**To do:** Where the word "unfolding" shows up in the entries below, please copy the whole line.

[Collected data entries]
---------------

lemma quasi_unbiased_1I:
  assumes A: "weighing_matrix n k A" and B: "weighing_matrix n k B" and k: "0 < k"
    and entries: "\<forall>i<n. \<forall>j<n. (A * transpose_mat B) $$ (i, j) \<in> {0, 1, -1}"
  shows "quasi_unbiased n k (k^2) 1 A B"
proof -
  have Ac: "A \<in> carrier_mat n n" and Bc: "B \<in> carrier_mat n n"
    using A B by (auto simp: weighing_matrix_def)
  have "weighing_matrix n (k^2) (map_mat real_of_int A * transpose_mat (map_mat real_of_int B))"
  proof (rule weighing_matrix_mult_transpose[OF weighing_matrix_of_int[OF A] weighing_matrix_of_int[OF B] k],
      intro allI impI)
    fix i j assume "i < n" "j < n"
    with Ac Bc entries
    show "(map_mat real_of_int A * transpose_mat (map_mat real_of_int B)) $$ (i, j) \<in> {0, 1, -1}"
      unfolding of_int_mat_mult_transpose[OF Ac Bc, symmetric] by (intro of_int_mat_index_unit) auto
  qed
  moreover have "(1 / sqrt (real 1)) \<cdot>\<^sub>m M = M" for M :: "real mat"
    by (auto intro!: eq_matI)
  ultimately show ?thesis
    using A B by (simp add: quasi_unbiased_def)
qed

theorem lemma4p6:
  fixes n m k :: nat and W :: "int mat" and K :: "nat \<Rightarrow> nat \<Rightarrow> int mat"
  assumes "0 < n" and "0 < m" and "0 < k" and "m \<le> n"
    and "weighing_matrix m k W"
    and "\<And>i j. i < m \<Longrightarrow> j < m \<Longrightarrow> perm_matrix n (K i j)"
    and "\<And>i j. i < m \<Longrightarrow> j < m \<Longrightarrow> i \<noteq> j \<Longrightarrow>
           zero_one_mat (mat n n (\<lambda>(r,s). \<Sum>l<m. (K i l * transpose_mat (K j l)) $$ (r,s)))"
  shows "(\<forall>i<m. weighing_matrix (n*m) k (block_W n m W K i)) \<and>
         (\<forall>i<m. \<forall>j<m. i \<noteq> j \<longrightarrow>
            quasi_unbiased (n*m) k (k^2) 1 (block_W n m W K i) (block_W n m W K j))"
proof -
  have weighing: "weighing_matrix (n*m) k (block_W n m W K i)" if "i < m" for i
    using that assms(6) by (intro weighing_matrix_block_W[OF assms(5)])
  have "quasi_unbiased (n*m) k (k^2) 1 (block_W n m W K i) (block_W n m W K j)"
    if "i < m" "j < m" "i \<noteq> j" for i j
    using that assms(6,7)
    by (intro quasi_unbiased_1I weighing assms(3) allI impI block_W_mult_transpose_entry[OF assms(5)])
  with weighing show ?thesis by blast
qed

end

---------------

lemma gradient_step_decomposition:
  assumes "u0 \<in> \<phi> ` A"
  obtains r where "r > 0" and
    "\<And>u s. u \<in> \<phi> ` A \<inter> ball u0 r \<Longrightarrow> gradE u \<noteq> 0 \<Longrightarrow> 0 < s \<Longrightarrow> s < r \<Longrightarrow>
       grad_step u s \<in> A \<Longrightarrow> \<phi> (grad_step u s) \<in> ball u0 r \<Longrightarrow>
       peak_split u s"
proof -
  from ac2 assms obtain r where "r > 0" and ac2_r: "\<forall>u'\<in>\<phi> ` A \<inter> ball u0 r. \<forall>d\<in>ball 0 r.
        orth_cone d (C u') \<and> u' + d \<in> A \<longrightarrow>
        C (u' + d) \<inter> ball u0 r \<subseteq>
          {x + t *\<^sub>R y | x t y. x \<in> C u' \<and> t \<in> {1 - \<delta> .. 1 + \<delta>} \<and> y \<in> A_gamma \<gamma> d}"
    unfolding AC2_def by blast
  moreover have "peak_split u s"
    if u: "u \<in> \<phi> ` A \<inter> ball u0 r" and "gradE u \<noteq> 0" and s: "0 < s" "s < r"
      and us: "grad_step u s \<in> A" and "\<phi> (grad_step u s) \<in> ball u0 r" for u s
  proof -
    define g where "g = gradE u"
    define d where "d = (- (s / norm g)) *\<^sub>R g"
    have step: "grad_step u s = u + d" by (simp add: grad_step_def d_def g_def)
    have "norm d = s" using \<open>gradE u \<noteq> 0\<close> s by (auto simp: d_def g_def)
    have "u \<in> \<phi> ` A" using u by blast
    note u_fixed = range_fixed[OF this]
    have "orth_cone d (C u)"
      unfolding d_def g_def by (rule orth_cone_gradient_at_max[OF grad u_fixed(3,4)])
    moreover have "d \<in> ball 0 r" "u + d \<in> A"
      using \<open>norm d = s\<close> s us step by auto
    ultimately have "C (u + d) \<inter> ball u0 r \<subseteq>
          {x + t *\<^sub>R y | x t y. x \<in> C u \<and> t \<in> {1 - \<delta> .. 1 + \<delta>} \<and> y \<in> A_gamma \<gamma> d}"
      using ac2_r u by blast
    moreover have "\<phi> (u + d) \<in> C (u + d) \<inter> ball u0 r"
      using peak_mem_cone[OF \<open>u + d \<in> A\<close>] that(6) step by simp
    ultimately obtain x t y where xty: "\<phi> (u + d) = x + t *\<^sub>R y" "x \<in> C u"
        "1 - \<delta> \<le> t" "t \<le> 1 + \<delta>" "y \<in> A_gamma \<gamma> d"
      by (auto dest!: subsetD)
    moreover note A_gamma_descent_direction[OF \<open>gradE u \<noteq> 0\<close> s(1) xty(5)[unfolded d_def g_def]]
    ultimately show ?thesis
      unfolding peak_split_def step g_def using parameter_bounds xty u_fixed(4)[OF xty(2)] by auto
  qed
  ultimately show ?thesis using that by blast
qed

---------------

**Written solution:**
      unfolding of_int_mat_mult_transpose[OF Ac Bc, symmetric] by (intro of_int_mat_index_unit) auto
    unfolding AC2_def by blast
      unfolding d_def g_def by (rule orth_cone_gradient_at_max[OF grad u_fixed(3,4)])
      unfolding peak_split_def step g_def using parameter_bounds xty u_fixed(4)[OF xty(2)] by auto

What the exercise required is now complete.